Их знакомство и дружба на почве взаимного отторжения, а также на почве отторжения обоих обществом завязалась, разумеется, на кладбище. В тот день Михаил Давыдович хоронил менее удачливого коллегу, который так и не смог оценить всех прелестей идейного разнообразия и стать разработчиком методологической базы демократического общества, как Михаил Давыдович. Отчего и умер в нищете и безвестности. Михаил Давыдович в тот день пребывал на темной стороне своего сознания, но это не помешало ему произнести зажигательную речь над могилой усопшего так, будто он находился на митинге. Впрочем, его так понесло, что он не заметил, как его единственным вынужденным слушателем остался Макар, который должен был подравнять холмик и установить деревянный крест в изголовье, где как раз топтался Михаил Давыдович.

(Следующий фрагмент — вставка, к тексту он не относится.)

lemma Inr_in_V [simp]: "Inr (i, w) \<in> V \<longleftrightarrow> i < n \<and> w \<in> VM i"
  by (auto simp: cyc_V_def)

lemma Inl_in_Gcopy [simp]: "Inl (j, w) \<in> Gcopy i \<longleftrightarrow> j = i \<and> w \<in> VG i"
  by (auto simp: Gcopy_def)

lemma Inr_in_Mcopy [simp]: "Inr (j, w) \<in> Mcopy i \<longleftrightarrow> j = i \<and> w \<in> VM i"
  by (auto simp: Mcopy_def)

lemma V_eq: "V = (\<Union>i<n. Gcopy i) \<union> (\<Union>i<n. Mcopy i)"
  by (auto simp: cyc_V_def Gcopy_def Mcopy_def)

lemma finite_Gcopy: "i < n \<Longrightarrow> finite (Gcopy i)"
  using G_inflator by (auto simp: Gcopy_def inflator_def graph_def)

lemma finite_Mcopy: "i < n \<Longrightarrow> finite (Mcopy i)"
  using M_hctv by (auto simp: Mcopy_def hctv_def graph_def)

lemma card_Gcopy: "i < n \<Longrightarrow> card (Gcopy i) = k i"
  using G_inflator by (auto simp: Gcopy_def inflator_def card_image inj_on_def)

lemma m_le_k: "i < n \<Longrightarrow> m \<le> k i"
  using G_inflator[of i] unfolding inflator_def by auto

lemma card_Mcopy: "card (Mcopy i) = card (VM i)"
  by (auto simp: Mcopy_def card_image inj_on_def)

lemma Gcopy_disjoint: "i \<noteq> j \<Longrightarrow> Gcopy i \<inter> Gcopy j = {}"
  by (auto simp: Gcopy_def)

lemma Mcopy_disjoint: "i \<noteq> j \<Longrightarrow> Mcopy i \<inter> Mcopy j = {}"
  by (auto simp: Mcopy_def)

lemma copies_mod_disjoint:
  assumes "t < n" "t' < n" "t \<noteq> t'"
  shows "(Gcopy ((s + t) mod n) \<union> Mcopy ((s + t) mod n)) \<inter>
    (Gcopy ((s + t') mod n) \<union> Mcopy ((s + t') mod n)) = {}"
  using assms add_mod_cancel_left[of s t n t'] by (auto simp: Gcopy_def Mcopy_def)
theorem Lang_pumping:
  assumes "finite P"
  shows "\<exists>c. \<forall>w \<in> Lang P S. c < length w \<longrightarrow> (\<exists>u v x y z. w = u @ v @ x @ y @ z \<and> v @ y \<noteq> [] \<and>
     (\<forall>k. u @ concat (replicate k v) @ x @ concat (replicate k y) @ z \<in> Lang P S))"
proof (intro exI[of _ "Suc (\<Sum>(A, rhs)\<in>P. length rhs) ^ card (fst ` P)"] ballI impI)
  fix w assume w: "w \<in> Lang P S"
    and long: "Suc (\<Sum>(A, rhs)\<in>P. length rhs) ^ card (fst ` P) < length w"
  from w obtain t where t: "parse_tree P t" "root t = N S" "fringe t = w"
    and minimal: "\<And>n. (derive1 P ^^ n) [N S] (map T w) \<Longrightarrow> inner_nodes t \<le> n"
    by (rule minimal_parse_tree) blast
  have "\<not> repetition_free t"
    using length_fringe_repetition_free_le[OF assms t(1)] long t(3) by (metis leD)
  from repeated_label_if_not_repetition_free[OF this] obtain B ts t' s where
    "subtree (Node B ts) t" "t' \<in> set ts" "subtree s t'" "root s = N B" by (elim exE conjE)
  from relpowp_derive1_repeated_label[OF t(1) this] obtain u v x y z n1 n2 n3 where
    "fringe t = u @ v @ x @ y @ z" and d1: "(derive1 P ^^ n1) [root t] (map T u @ [N B] @ map T z)"
    and d2: "(derive1 P ^^ n2) [N B] (map T v @ [N B] @ map T y)" and "0 < n2"
    and d3: "(derive1 P ^^ n3) [N B] (map T x)" and size: "inner_nodes t = n1 + n2 + n3"
    by (elim exE conjE)
  with t have split: "w = u @ v @ x @ y @ z"
    and d1: "(derive1 P ^^ n1) [N S] (map T u @ [N B] @ map T z)" by simp_all
  have "v @ y \<noteq> []"
  proof
    assume "v @ y = []"
    with split have "(derive1 P ^^ (n1 + n3)) [N S] (map T w)"
      using relpowp_trans[OF d1 relpowp_derive1_context[OF d3, of "map T u" "map T z"]] by simp
    with minimal size \<open>0 < n2\<close> show False by fastforce
  qed
  moreover have "u @ concat (replicate k v) @ x @ concat (replicate k y) @ z \<in> Lang P S" for k
    using d1 d2 d3 unfolding derives_def
    by (intro derives_pumped[unfolded derives_def] relpowp_imp_rtranclp)
  ultimately show "\<exists>u v x y z. w = u @ v @ x @ y @ z \<and> v @ y \<noteq> [] \<and>
     (\<forall>k. u @ concat (replicate k v) @ x @ concat (replicate k y) @ z \<in> Lang P S)"
    using split by (intro exI[of _ u] exI[of _ v] exI[of _ x] exI[of _ y] exI[of _ z]) simp
qed

corollary CFL_pumping:
  assumes "CFL L"
  shows "\<exists>c. \<forall>w \<in> L. c < length w \<longrightarrow> (\<exists>u v x y z. w = u @ v @ x @ y @ z \<and> v @ y \<noteq> [] \<and>
     (\<forall>k. u @ concat (replicate k v) @ x @ concat (replicate k y) @ z \<in> L))"
proof -
  from assms obtain P :: "(nat, 'a) prod set" and S where "finite P" "L = Lang P S"
    unfolding CFL_def by blast
  with Lang_pumping[of P S] show ?thesis by simp
qed

lemma prefix_avoiding: "prefix p (xs @ s # ys) \<Longrightarrow> s \<notin> set p \<Longrightarrow> prefix p xs"
  by (auto simp: prefix_append prefix_Cons)

lemma suffix_avoiding: "suffix q (xs @ s # ys) \<Longrightarrow> s \<notin> set q \<Longrightarrow> suffix q ys"
  by (auto simp: suffix_append suffix_Cons)

lemma sublist_avoiding: "sublist v (xs @ s # ys) \<Longrightarrow> s \<notin> set v \<Longrightarrow> sublist v xs \<or> sublist v ys"
  by (auto simp: sublist_append sublist_Cons_right prefix_Cons)

lemma count_list_replicate [simp]: "count_list (replicate n a) b = (if a = b then n else 0)"
  by (induction n) auto

lemma count_list_eq_0_if_subset_singleton: "set xs \<subseteq> {a} \<Longrightarrow> b \<noteq> a \<Longrightarrow> count_list xs b = 0"
  by (auto simp: count_list_0_iff)

section \<open>The witness language\<close>

text \<open>Letters \<open>0, 1, 2\<close> stand for a, b, c and \<open>3, 4\<close> for the markers # and $, so that
  \<open>left_word n\<close> is a^n # b^n $, \<open>right_word n\<close> is # b^n $ c^n and \<open>full_word n\<close> is a^n # b^n $ c^n.\<close>

definition block01 :: "nat \<Rightarrow> nat list" where
  "block01 n = replicate n 0 @ 3 # replicate n 1"

definition block12 :: "nat \<Rightarrow> nat list" where
  "block12 n = replicate n 1 @ 4 # replicate n 2"

definition left_word :: "nat \<Rightarrow> nat list" where
  "left_word n = block01 n @ [4]"

definition right_word :: "nat \<Rightarrow> nat list" where
  "right_word n = 3 # block12 n"

definition full_word :: "nat \<Rightarrow> nat list" where
  "full_word n = replicate n 0 @ 3 # replicate n 1 @ 4 # replicate n 2"

definition witness_lang :: "nat list set" where
  "witness_lang = range left_word \<union> range right_word"

text \<open>S \<rightarrow> A $ | # B, A \<rightarrow> a A b | #, B \<rightarrow> b B c | $, with S, A, B numbered 0, 1, 2.\<close>

definition witness_grammar :: "(nat, nat) prod set" where
  "witness_grammar = {(0, [N 1, T 4]), (0, [T 3, N 2]),
     (1, [T 0, N 1, T 1]), (1, [T 3]), (2, [T 1, N 2, T 2]), (2, [T 4])}"

fun witness_sym_lang :: "(nat, nat) sym \<Rightarrow> nat list set" where
  "witness_sym_lang (T a) = {[a]}"
| "witness_sym_lang (N A) =
     (if A = 0 then witness_lang else if A = 1 then range block01 else range block12)"

lemma Lang_witness_grammar_subset: "Lang witness_grammar 0 \<subseteq> witness_lang"
proof -
  have "Lang witness_grammar 0 \<subseteq> witness_sym_lang (N 0)"
  proof (rule Lang_subset_closed)
    fix A w ws assume "(A, w) \<in> witness_grammar" and ws: "list_all2 (\<lambda>s u. u \<in> witness_sym_lang s) w ws"
    then consider "A = 0" "w = [N 1, T 4]" | "A = 0" "w = [T 3, N 2]" | "A = 1" "w = [T 0, N 1, T 1]"
      | "A = 1" "w = [T 3]" | "A = 2" "w = [T 1, N 2, T 2]" | "A = 2" "w = [T 4]"
      unfolding witness_grammar_def by blast
    then show "concat ws \<in> witness_sym_lang (N A)"
    proof cases
      case 1
      with ws obtain n where "concat ws = left_word n"
        by (auto simp: list_all2_Cons1 left_word_def)
      with 1 show ?thesis by (simp add: witness_lang_def)
    next
      case 2
      with ws obtain n where "concat ws = right_word n"
        by (auto simp: list_all2_Cons1 right_word_def)
      with 2 show ?thesis by (simp add: witness_lang_def)
    next
      case 3
      with ws obtain n where "concat ws = block01 (Suc n)"
        by (auto simp: list_all2_Cons1 block01_def replicate_append_same)
      with 3 show ?thesis by simp
    next
      case 4
      with ws have "concat ws = block01 0"
        by (auto simp: list_all2_Cons1 block01_def)
      with 4 show ?thesis by simp
    next
      case 5
      with ws obtain n where "concat ws = block12 (Suc n)"
        by (auto simp: list_all2_Cons1 block12_def replicate_append_same)
      with 5 show ?thesis by simp
    next
      case 6
      with ws have "concat ws = block12 0"
        by (auto simp: list_all2_Cons1 block12_def)
      with 6 show ?thesis by simp
    qed
  qed simp
  then show ?thesis by simp
qed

- …Можно ли считать смерть злом, является ли она абсолютной? – несло профессора. – Мы априори знаем, что не всякий вред можно назвать злом, и не всякое доброе действие имеет благие последствия. Гетерогония целей, обоснованная Вильгельмом Вундтом, отчетливо определяет, что любое позитивное движение может иметь негативные последствия, так называемые побочные эффекты. Ведь и лекарство, с одной стороны, лечит, а, с другой, простите за просторечие, калечит. Вспомним, что даже Блаженный Августин писал: «Из совокупности добра и зла состоит удивительная красота вселенной. Даже и то, что называется скверным, находится в известном порядке, стоит на своем месте и помогает лучше выделится добру. Добро больше нравится и представляется более похвальным, если его можно сравнить со злом». А как вторит ему уважаемый Бёме! «Без зла все было бы так бесцветно, как бесцветен был бы человек, лишенный страстей: страсть, становясь самобытною, - зло, но она же источник энергии, огненный двигатель. Доброта не имеющая в себе зла, эгоистического начала, - пустая сонная доброта…»

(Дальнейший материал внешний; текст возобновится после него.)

(* In the setting of the context (with $g$ unimodal, symmetric about $0$ and logconcave): (i) $C(\theta)\ge C(2d_0)\ge 1-\frac{3\alpha}{2}$ for all $\theta\ge 2d_0$; (ii) $C(2d_0)\le 1-\frac{3\alpha}{2}+\frac{\alpha^2}{1+\alpha}$.
   Context: Let $g$ be a probability density on $\mathbb{R}$, unimodal and symmetric about $0$ (i.e. $g(z)=g(-z)$ and $g$ nonincreasing on $[0,\infty)$), and logconcave ($\log g$ concave on its support), with cdf $G$ and quantile function $G^{-1}(t)=\inf\{x:G(x)\ge t\}$. Let $X$ have density $g(x-\theta)$, $\theta\ge0$, and $P_\theta$ the corresponding probability. Fix $\alpha\in(0,1)$, and set $d_0=G^{-1}(\tfrac1{1+\alpha})$. The HPD credible interval (prior $1_{[0,\infty)}(\theta)$, credibility $1-\alpha$) is $[l(X),u(X)]$ with $l(x)=\{x-G^{-1}(\tfrac12+\tfrac{1-\alpha}2G(x))\}1_{(d_0,\infty)}(x)$, $u(x)=x-G^{-1}(\alpha G(x))$ for $x\le d_0$ and $u(x)=x+G^{-1}(\tfrac12+\tfrac{1-\alpha}2G(x))$ for $x>d_0$. The frequentist coverage is $C(\theta)=P_\theta(l(X)\le\theta\le u(X))$. *)

theory Defs
  imports "HOL-Probability.Probability"
begin

definition is_density :: "(real \<Rightarrow> real) \<Rightarrow> bool" where
  "is_density g \<longleftrightarrow> g \<in> borel_measurable borel \<and> (\<forall>x. 0 \<le> g x)
     \<and> (\<integral>\<^sup>+ x. ennreal (g x) \<partial>lborel) = 1"

definition Gcdf :: "(real \<Rightarrow> real) \<Rightarrow> real \<Rightarrow> real" where
  "Gcdf g x = measure (density lborel (\<lambda>t. ennreal (g t))) {..x}"

definition Gquant :: "(real \<Rightarrow> real) \<Rightarrow> real \<Rightarrow> real" where
  "Gquant g t = Inf {x. t \<le> Gcdf g x}"

definition hpd_d0 :: "(real \<Rightarrow> real) \<Rightarrow> real \<Rightarrow> real" where
  "hpd_d0 g \<alpha> = Gquant g (1 / (1 + \<alpha>))"

definition hpd_lower :: "(real \<Rightarrow> real) \<Rightarrow> real \<Rightarrow> real \<Rightarrow> real" where
  "hpd_lower g \<alpha> x =
     (if hpd_d0 g \<alpha> < x then x - Gquant g (1/2 + (1 - \<alpha>)/2 * Gcdf g x) else 0)"

definition hpd_upper :: "(real \<Rightarrow> real) \<Rightarrow> real \<Rightarrow> real \<Rightarrow> real" where
  "hpd_upper g \<alpha> x =
     (if x \<le> hpd_d0 g \<alpha> then x - Gquant g (\<alpha> * Gcdf g x)
      else x + Gquant g (1/2 + (1 - \<alpha>)/2 * Gcdf g x))"

definition coverage :: "(real \<Rightarrow> real) \<Rightarrow> real \<Rightarrow> real \<Rightarrow> real" where
  "coverage g \<alpha> \<theta> = measure (density lborel (\<lambda>x. ennreal (g (x - \<theta>))))
      {x. hpd_lower g \<alpha> x \<le> \<theta> \<and> \<theta> \<le> hpd_upper g \<alpha> x}"

end

theory Submission
  imports Defs
begin

(* Write G for the cdf, Q for the quantile function and d0 = Q(1/(1+alpha)), so that
   G(d0) = 1/(1+alpha) and G(-d0) = alpha G(d0).  Logconcavity of g implies that
   x |-> G(x)/G(x+h) is nondecreasing for every h >= 0 (cdf_shift_ratio); with h = 2 d0 this
   gives G(z) <= alpha G(z + 2 d0) for z <= -d0, strictly unless G(z) = 0 or z = -d0: equality
   would make G geometric on a grid through -d0, 0, d0, forcing G(0)^2 = G(-d0) G(d0), i.e.
   alpha = 1.  The locale sym_logconcave_density collects these facts about g alone; the locale
   hpd_setting adds alpha and treats the HPD interval.

   Substituting X = Z + theta, C(theta) is the mass under the law of g of
   cover_set theta = {z. l(z+theta) <= theta <= u(z+theta)}.  At theta = 2 d0 this set is, up to
   a null set, its right branch {z. d0 < z + theta, |z| <= Q(tau(z+theta))} with
   tau x = 1/2 + (1-alpha)/2 G(x); the right branch grows with theta, which gives the
   monotonicity in (i).  The numerical bounds follow by sandwiching the right branch at 2 d0
   between ]-d0, Q(tau(3 d0))[ and ]-d0, Q(1 - alpha/2)], using G(-3 d0) <= alpha^2/(1+alpha). *)

lemma nn_integral_lborel_shift:
  "(f::real \<Rightarrow> ennreal) \<in> borel_measurable borel \<Longrightarrow>
     (\<integral>\<^sup>+ t. f (t + h) \<partial>lborel) = (\<integral>\<^sup>+ t. f t \<partial>lborel)"
  using nn_integral_real_affine[of f 1 h] by (simp add: add.commute)

lemma nn_integral_lborel_reflect:
  "(f::real \<Rightarrow> ennreal) \<in> borel_measurable borel \<Longrightarrow>
     (\<integral>\<^sup>+ t. f (- t) \<partial>lborel) = (\<integral>\<^sup>+ t. f t \<partial>lborel)"
  using nn_integral_real_affine[of f "-1" 0] by simp

locale sym_logconcave_density =
  fixes g :: "real \<Rightarrow> real"
  assumes dens: "is_density g"
    and symm: "\<forall>z. g (- z) = g z"
    and unimodal: "\<forall>x y. 0 \<le> x \<longrightarrow> x \<le> y \<longrightarrow> g y \<le> g x"
    and logconcave: "concave_on {x. 0 < g x} (\<lambda>x. ln (g x))"
begin

lemma g_borel[measurable]: "g \<in> borel_measurable borel"
  using dens by (simp add: is_density_def)

lemma g_nonneg: "0 \<le> g x"
  using dens by (simp add: is_density_def)
(* Let $\mathcal{S}=(X,\xrightarrow{\Sigma},\le)$ be a positive very-WSTS and let $x,y\in X$. Then $y$ is repeatedly coverable from $x$ if and only if there exist states $c,d$ of the stuttering automaton $\mathcal{A}_{\downarrow x}$ and $w\in\Sigma^+$ such that $d$ can be reached from $c$ by reading $w$ in $\mathcal{A}_{\downarrow x}$, $\mathrm{numaccel}(c)=\mathrm{numaccel}(d)$, $w$ is positive, and $y\in\mathrm{ideal}(c)$.
   Context: A (labeled, ordered) transition system is $\mathcal{S}=(X,\xrightarrow{\Sigma},\le)$: $X$ a set, $\Sigma$ a finite alphabet, $\xrightarrow{a}\subseteq X\times X$, $\le$ a quasi-ordering; relations extend to words ($x\xrightarrow{+}y$ means $x\xrightarrow{w}y$ for some $w\in\Sigma^+$, $x\xrightarrow{*}y$ for some $w\in\Sigma^*$). $\mathrm{Post}(x,w)=\{y:x\xrightarrow{w}y\}$, extended to sets by union; $\downarrow D=\{x:\exists y\in D,\,x\le y\}$. WSTS: $\le$ wqo and monotone ($x\xrightarrow{a}y$, $x'\ge x$ imply $x'\xrightarrow{w}y'\ge y$ for some $w$). Strong monotonicity: $x\xrightarrow{a}y$, $x'\ge x$ imply $x'\xrightarrow{a}y'$, $y'\ge y$; strong-strict: additionally $x'>x$ yields such $y'>y$. Deterministic: at most one $a$-successor. Ideals: nonempty downward-closed directed subsets; $\mathrm{Idl}(X)$. Completion $\widehat{\mathcal{S}}=(\mathrm{Idl}(X),\Rightarrow_\Sigma,\subseteq)$, $I\xRightarrow{a}J$ iff $J$ is a $\subseteq$-maximal ideal included in $\downarrow\mathrm{Post}(I,a)$; when deterministic, $w(I)$ is the unique $J$ with $I\xRightarrow{w}J$ if defined. $w^\infty(I)=\bigcup_kw^k(I)$ if $I\subset w(I)$, else $I$. Levels: $\mathrm{Idl}_0(X)=\mathrm{Idl}(X)$, $\mathrm{Idl}_n(X)$ = unions of strictly increasing sequences in $\mathrm{Idl}_{n-1}(X)$; finitely many levels if some $\mathrm{Idl}_n(X)=\emptyset$. Very-WSTS: WSTS with strong monotonicity whose completion is a deterministic WSTS ($\subseteq$ a wqo on ideals) with strong-strict monotonicity, and $\mathrm{Idl}(X)$ has finitely many levels. Positivity: $w$ is positive for $x$ if $x\xrightarrow{w}z$ for some $z\ge x$; $w$ is positive if it is positive for every $x$ with $\mathrm{Post}(x,w)\ne\emptyset$; $\mathcal{S}$ is positive if every word that is positive for some state is positive. $y$ is repeatedly coverable from $x$ if there are $z_0,z_1,\ldots$ with $x\xrightarrow{*}z_0\xrightarrow{+}z_1\xrightarrow{+}\cdots$ and $z_i\ge y$ for all $i$. Ideal Karp-Miller algorithm on input $(\mathcal{S},I_0)$ (terminates for very-WSTS): builds a tree with node labels $(\mathrm{ideal}(c),\mathrm{numaccel}(c))$ and letter-labeled arcs, starting with root $(I_0,0)$. While a node $c:(I,n)$ is unmarked: if a proper ancestor has ideal $I$, mark $c$; otherwise, if a proper ancestor $c'$ has $\mathrm{ideal}(c')\subset I$ and $\mathrm{numaccel}(c')=n$, relabel $c$ by $(w^\infty(I),n+1)$ with $w$ the arc-label word from $c'$ to $c$; then, with $(I,n)$ the current label, add for each $a$ with $a(I)$ defined a child $(a(I),n)$ via an $a$-arc; mark $c$. The stuttering automaton $\mathcal{A}_{I_0}$: states are the nodes of the returned tree, all accepting, initial state the root, transitions the arcs plus an $\varepsilon$-transition from each leaf $c$ to any ancestor $c'$ with $\mathrm{ideal}(c')=\mathrm{ideal}(c)$. Reading $w$ allows $\varepsilon$-transitions. *)

theory Defs
  imports Main
begin

text \<open>States are the elements of type 'x
  (so X = UNIV), letters are of type 'a (finite in the theorem), the transition
  relation is T a x y (x --a--> y), and le is the quasi-ordering.\<close>

fun steps :: "('a \<Rightarrow> 'x \<Rightarrow> 'x \<Rightarrow> bool) \<Rightarrow> 'a list \<Rightarrow> 'x \<Rightarrow> 'x \<Rightarrow> bool" where
  "steps T [] x y = (x = y)"
| "steps T (a # w) x y = (\<exists>z. T a x z \<and> steps T w z y)"

definition qo_on :: "'x set \<Rightarrow> ('x \<Rightarrow> 'x \<Rightarrow> bool) \<Rightarrow> bool" where
  "qo_on S le \<longleftrightarrow> (\<forall>x\<in>S. le x x) \<and> (\<forall>x\<in>S. \<forall>y\<in>S. \<forall>z\<in>S. le x y \<longrightarrow> le y z \<longrightarrow> le x z)"

definition wqo_on :: "'x set \<Rightarrow> ('x \<Rightarrow> 'x \<Rightarrow> bool) \<Rightarrow> bool" where
  "wqo_on S le \<longleftrightarrow> qo_on S le \<and>
     (\<forall>f :: nat \<Rightarrow> 'x. (\<forall>i. f i \<in> S) \<longrightarrow> (\<exists>i j. i < j \<and> le (f i) (f j)))"

definition strictly :: "('x \<Rightarrow> 'x \<Rightarrow> bool) \<Rightarrow> 'x \<Rightarrow> 'x \<Rightarrow> bool" where
  "strictly le x y \<longleftrightarrow> le x y \<and> \<not> le y x"

definition monotone_ts :: "'x set \<Rightarrow> ('a \<Rightarrow> 'x \<Rightarrow> 'x \<Rightarrow> bool) \<Rightarrow> ('x \<Rightarrow> 'x \<Rightarrow> bool) \<Rightarrow> bool" where
  "monotone_ts S T le \<longleftrightarrow> (\<forall>a x y x'. x \<in> S \<longrightarrow> y \<in> S \<longrightarrow> x' \<in> S \<longrightarrow> T a x y \<longrightarrow> le x x' \<longrightarrow>
      (\<exists>w y'. y' \<in> S \<and> steps T w x' y' \<and> le y y'))"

- Вы не заткнете свой «огненный двигатель»? – бесцеремонно перебил его Макар. – Все уже ушли.
Ошарашенный такой наглостью профессор, не преминул указать могильщику его место:
- Я – доктор философских наук, академик многих академий, и не следует всякому быдлу, занимающемуся трупоустройством, перебивать меня…
После этих слов Михаил Давыдович просто-напросто получил в морду, а когда пришел в себя, услышал от работающего над обустройством могилы Макара следующее:
- И не хрен мне тут немецких сапожников цитировать. Еще надо посмотреть, кто быдло. Ишь, придумал, «вещество, из которого был создан Адам, было несколько заражено диавольским недугом». Бред! У этого сапожника мозги были с недугом… С тем же.
- Вы знаете Бёме?! – удивился Михаил Давыдович, и даже будучи на темной стороне испытал уважение к могильщику, легко оперирующему цитатами протестантского мыслителя. – Бёме предварял Гегеля!
- Очнулся, одержимый, - повернулся к нему Макар. – Бёме предварял апокалипсическую эпоху, полноценным и качественным продуктом которой вы являетесь.
- Вы свернули мне челюсть, я подам на вас в суд! – вспомнил вдруг положенный гнев профессор.
- Будешь блеять, зарою рядом, - спокойно ответил Макар, - и никто не узнает, где могилка твоя. Там, - Макар ткнул в небо, - тебя уже ждут с твоими гениальными аргументами. Бёме хоть понимал свободу выбора, а у тебя, похоже, ее уже нет. Ты, братец, свой выбор уже сделал. – Макар присел на корточки и вдруг предложил: - Выпить хочешь? Помянуть ведь надо. – Он кивнул на холмик.
- Не откажусь, - с интересом прищурился Михаил Давыдович, - но помни, плебей, в гневе я страшен. Я должен тебе удар.
- Да нет проблем, бей, - подставил щеку Макар и тут же получил жалкую пощечину. – В расчете, - прокомментировал он с ухмылкой. – Вставай, гений либеральной мысли, пойдем ко мне в каморку, мне тут ваши два флакона оставили для освежения блевотины, которую человечество называет любомудрием.
- Ты так о философии?
- О ней родимой. Меня Макаром звать.
- А по отчеству?
- Меня вообще по-другому звать. Макаром прозвали, потому что я угнал себя туда, куда Макар коров не гонял. Так что ныне я Макар, и никаких отчеств.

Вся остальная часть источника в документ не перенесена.